What is being asked → Look for the word "using" in the records, and copy each line where it appears.

Saved entries
=====
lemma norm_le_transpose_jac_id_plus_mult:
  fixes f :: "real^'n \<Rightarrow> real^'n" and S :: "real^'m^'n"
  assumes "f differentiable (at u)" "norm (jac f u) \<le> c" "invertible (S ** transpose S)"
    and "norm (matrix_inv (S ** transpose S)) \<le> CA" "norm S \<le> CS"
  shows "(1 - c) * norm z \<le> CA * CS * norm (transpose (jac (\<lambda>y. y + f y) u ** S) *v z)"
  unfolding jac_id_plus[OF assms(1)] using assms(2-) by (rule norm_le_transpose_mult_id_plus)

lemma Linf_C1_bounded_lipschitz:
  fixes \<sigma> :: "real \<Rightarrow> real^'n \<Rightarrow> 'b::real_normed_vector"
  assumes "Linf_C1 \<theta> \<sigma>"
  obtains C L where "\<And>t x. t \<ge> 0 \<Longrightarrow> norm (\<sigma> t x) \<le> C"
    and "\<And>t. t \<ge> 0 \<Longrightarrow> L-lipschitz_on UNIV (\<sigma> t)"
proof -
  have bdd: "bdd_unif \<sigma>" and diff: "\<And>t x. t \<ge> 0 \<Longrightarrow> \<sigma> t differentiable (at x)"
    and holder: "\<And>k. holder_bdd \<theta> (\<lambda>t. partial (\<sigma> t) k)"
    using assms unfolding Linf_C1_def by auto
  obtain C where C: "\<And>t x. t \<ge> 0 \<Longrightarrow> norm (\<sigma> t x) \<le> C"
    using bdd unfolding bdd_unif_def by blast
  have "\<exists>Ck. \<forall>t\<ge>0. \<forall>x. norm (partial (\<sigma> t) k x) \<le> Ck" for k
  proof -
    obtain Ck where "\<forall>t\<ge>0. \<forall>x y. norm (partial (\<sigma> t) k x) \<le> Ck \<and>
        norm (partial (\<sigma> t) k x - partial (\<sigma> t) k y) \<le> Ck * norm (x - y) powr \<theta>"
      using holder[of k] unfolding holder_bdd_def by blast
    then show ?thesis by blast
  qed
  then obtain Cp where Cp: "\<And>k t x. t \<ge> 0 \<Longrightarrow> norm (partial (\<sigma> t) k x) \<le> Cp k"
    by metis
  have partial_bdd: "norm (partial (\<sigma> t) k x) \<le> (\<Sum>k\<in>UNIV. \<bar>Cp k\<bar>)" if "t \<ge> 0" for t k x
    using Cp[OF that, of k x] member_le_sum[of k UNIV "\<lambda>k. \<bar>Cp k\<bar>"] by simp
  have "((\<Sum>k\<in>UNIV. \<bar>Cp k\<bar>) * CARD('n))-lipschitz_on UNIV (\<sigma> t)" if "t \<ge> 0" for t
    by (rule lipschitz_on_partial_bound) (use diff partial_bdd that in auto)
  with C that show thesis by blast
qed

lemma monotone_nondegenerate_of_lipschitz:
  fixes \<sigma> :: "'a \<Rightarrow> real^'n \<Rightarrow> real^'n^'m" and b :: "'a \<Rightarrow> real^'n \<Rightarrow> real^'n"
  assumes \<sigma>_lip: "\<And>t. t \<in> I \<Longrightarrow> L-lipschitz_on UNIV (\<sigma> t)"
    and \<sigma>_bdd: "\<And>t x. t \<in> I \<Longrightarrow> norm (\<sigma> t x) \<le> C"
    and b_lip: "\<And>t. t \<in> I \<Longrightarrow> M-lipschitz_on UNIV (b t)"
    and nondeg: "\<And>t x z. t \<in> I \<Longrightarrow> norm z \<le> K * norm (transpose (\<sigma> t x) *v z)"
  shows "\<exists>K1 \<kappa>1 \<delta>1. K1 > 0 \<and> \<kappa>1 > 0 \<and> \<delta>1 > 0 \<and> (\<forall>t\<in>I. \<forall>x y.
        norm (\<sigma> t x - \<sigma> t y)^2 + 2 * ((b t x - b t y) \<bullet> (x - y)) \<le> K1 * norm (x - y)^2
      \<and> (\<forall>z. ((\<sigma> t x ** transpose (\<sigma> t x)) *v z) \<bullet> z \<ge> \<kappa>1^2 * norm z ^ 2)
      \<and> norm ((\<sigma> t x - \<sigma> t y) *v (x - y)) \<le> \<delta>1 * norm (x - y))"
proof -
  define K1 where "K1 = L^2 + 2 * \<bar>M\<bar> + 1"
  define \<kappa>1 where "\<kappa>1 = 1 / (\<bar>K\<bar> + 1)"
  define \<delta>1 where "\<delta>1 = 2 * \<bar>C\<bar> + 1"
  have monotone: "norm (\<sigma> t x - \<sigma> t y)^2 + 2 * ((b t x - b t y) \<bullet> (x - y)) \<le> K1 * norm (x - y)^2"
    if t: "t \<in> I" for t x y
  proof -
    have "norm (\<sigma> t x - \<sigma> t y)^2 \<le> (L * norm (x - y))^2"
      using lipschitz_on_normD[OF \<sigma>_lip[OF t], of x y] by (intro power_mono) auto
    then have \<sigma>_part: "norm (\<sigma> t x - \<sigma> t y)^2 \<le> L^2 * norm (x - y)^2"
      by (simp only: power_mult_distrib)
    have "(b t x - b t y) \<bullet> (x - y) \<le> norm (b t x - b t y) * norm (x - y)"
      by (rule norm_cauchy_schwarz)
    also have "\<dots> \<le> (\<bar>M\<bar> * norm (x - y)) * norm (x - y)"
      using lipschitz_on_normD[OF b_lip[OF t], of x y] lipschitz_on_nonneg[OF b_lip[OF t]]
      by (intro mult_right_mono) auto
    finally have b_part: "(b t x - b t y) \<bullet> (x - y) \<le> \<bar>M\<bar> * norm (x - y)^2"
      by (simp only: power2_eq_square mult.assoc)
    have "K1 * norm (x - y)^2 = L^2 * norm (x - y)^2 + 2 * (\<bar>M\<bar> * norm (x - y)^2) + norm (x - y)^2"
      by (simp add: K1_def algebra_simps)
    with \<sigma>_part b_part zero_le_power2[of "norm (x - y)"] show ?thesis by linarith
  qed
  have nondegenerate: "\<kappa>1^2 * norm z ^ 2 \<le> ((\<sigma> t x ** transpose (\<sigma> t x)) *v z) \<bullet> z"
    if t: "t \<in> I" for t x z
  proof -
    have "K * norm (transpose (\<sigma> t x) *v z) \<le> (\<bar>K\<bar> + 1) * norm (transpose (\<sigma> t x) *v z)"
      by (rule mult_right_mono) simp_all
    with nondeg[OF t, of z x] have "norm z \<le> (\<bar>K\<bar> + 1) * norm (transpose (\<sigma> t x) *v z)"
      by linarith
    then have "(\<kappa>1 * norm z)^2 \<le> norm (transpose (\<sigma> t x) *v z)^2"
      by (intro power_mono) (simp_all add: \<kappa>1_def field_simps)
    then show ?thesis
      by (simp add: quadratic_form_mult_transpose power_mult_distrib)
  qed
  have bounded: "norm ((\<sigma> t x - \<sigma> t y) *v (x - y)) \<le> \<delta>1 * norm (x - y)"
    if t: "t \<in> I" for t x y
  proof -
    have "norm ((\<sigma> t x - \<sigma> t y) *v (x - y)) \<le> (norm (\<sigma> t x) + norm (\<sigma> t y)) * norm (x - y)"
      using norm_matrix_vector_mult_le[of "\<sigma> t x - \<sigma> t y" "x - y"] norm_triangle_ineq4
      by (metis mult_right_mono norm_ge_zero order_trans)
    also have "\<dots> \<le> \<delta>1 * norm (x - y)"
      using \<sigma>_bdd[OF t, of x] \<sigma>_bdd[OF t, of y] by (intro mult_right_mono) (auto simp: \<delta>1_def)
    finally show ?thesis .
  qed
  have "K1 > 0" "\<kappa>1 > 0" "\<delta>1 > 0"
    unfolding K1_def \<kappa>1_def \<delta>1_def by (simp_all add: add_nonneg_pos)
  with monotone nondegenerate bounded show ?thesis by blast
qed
=====
Reply →
  unfolding jac_id_plus[OF assms(1)] using assms(2-) by (rule norm_le_transpose_mult_id_plus)
    using assms unfolding Linf_C1_def by auto
    using bdd unfolding bdd_unif_def by blast
      using holder[of k] unfolding holder_bdd_def by blast
    using Cp[OF that, of k x] member_le_sum[of k UNIV "\<lambda>k. \<bar>Cp k\<bar>"] by simp
      using lipschitz_on_normD[OF \<sigma>_lip[OF t], of x y] by (intro power_mono) auto
      using lipschitz_on_normD[OF b_lip[OF t], of x y] lipschitz_on_nonneg[OF b_lip[OF t]]
      using norm_matrix_vector_mult_le[of "\<sigma> t x - \<sigma> t y" "x - y"] norm_triangle_ineq4
      using \<sigma>_bdd[OF t, of x] \<sigma>_bdd[OF t, of y] by (intro mult_right_mono) (auto simp: \<delta>1_def)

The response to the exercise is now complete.